▶ What you should do
Going down the data below, set down exactly the line with "t = pmf_of_set" and each line after it through the line with "c * q j \<noteq>"; no other lines.
** Opening Data for analysis block **
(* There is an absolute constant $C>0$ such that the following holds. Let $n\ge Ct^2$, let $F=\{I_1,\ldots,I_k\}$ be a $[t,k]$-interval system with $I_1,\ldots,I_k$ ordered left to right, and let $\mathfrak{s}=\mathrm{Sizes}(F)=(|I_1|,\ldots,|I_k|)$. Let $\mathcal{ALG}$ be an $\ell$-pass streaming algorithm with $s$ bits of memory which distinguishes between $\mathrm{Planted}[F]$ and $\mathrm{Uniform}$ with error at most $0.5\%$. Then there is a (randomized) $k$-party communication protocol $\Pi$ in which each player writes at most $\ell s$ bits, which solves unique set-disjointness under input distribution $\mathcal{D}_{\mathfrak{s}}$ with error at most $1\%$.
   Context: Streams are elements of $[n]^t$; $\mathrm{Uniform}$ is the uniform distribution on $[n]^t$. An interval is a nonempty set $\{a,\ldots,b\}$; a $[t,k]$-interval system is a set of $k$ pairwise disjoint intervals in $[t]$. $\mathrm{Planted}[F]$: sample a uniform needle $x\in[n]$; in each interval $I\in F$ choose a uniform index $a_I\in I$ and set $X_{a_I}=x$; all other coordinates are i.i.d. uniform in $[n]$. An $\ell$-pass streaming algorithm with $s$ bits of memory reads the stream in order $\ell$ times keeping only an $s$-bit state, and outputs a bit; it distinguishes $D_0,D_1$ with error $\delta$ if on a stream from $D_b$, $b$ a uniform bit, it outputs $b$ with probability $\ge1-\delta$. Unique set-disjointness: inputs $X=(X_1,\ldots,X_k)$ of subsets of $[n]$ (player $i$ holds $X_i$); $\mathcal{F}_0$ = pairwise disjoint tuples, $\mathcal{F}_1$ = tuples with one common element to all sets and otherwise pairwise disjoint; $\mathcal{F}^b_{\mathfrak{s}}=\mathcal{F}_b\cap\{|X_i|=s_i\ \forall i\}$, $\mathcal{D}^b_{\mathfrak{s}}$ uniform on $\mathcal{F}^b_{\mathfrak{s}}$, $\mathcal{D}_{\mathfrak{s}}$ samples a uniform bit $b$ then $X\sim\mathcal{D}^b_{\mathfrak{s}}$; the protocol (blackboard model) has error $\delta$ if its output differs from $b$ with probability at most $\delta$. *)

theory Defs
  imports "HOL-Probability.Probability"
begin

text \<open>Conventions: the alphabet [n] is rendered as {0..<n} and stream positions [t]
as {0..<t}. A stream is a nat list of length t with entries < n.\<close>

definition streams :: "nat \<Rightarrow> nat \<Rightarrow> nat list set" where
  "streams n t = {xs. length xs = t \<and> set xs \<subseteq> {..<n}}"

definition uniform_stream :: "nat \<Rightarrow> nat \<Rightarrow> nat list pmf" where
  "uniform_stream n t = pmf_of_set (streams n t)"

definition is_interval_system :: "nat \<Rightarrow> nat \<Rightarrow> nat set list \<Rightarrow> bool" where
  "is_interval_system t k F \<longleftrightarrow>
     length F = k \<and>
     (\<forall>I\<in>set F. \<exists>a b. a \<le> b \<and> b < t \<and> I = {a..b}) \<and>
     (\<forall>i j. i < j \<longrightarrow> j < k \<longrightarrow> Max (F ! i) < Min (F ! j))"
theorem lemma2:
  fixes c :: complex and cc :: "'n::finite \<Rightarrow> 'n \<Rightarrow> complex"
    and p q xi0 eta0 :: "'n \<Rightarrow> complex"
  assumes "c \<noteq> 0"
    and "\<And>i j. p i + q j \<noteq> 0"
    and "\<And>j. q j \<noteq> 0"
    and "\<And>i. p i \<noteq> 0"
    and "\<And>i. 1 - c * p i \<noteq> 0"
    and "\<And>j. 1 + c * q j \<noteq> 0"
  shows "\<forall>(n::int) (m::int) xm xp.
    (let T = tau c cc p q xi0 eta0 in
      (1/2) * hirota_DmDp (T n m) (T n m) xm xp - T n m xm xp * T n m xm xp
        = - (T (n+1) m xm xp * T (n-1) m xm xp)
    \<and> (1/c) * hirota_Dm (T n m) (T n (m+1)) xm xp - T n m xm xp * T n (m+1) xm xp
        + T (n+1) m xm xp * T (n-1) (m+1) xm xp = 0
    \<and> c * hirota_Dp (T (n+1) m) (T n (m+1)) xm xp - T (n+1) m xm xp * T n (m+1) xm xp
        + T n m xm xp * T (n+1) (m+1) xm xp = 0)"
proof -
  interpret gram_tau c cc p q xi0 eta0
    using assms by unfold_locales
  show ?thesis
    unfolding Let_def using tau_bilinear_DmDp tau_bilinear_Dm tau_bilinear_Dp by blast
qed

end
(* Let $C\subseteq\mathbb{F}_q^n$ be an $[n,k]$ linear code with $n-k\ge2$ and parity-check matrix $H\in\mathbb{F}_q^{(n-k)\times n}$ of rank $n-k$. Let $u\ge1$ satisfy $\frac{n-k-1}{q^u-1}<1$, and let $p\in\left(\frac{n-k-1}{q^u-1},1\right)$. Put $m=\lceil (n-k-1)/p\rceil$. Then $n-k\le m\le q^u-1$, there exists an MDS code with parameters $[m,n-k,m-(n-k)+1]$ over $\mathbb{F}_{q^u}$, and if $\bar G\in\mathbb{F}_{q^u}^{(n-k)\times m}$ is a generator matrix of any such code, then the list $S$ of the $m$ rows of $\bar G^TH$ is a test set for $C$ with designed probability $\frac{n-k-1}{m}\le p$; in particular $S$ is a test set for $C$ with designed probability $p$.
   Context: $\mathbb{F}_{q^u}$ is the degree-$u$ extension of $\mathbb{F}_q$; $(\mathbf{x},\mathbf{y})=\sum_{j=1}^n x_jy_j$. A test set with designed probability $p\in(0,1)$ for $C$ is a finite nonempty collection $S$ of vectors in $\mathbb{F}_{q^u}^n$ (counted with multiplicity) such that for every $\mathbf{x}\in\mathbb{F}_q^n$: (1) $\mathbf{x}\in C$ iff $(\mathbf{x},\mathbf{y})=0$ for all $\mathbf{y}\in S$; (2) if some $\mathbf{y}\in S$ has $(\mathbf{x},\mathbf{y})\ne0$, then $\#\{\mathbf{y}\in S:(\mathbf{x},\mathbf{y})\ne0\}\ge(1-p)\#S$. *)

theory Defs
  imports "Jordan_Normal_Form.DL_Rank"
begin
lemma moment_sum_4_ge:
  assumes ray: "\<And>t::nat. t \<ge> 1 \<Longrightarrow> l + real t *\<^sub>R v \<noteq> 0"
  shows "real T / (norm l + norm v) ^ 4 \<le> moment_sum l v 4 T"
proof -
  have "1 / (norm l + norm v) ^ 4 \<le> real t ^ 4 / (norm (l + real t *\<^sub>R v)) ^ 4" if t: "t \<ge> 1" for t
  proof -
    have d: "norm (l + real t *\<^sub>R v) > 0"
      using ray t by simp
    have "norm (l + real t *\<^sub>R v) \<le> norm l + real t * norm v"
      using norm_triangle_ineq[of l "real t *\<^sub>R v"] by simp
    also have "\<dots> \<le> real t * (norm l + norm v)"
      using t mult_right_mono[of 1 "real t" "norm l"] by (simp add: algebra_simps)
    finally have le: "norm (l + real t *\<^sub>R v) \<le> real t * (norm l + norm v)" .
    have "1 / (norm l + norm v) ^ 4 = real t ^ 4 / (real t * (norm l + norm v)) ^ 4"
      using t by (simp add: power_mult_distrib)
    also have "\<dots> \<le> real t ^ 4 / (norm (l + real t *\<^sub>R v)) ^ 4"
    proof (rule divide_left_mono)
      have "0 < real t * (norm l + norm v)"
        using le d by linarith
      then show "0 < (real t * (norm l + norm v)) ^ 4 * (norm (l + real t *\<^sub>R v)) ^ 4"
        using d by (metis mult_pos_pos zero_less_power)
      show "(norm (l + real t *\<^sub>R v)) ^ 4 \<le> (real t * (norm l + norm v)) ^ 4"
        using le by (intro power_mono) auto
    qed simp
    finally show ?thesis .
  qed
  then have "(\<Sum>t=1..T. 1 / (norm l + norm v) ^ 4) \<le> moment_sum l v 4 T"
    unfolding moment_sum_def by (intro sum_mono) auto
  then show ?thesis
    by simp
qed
** Closing Data for analysis block **
▶ Solution for this exercise
  "uniform_stream n t = pmf_of_set (streams n t)"

definition is_interval_system :: "nat \<Rightarrow> nat \<Rightarrow> nat set list \<Rightarrow> bool" where
  "is_interval_system t k F \<longleftrightarrow>
     length F = k \<and>
     (\<forall>I\<in>set F. \<exists>a b. a \<le> b \<and> b < t \<and> I = {a..b}) \<and>
     (\<forall>i j. i < j \<longrightarrow> j < k \<longrightarrow> Max (F ! i) < Min (F ! j))"
theorem lemma2:
  fixes c :: complex and cc :: "'n::finite \<Rightarrow> 'n \<Rightarrow> complex"
    and p q xi0 eta0 :: "'n \<Rightarrow> complex"
  assumes "c \<noteq> 0"
    and "\<And>i j. p i + q j \<noteq> 0"
    and "\<And>j. q j \<noteq> 0"
    and "\<And>i. p i \<noteq> 0"
    and "\<And>i. 1 - c * p i \<noteq> 0"
    and "\<And>j. 1 + c * q j \<noteq> 0"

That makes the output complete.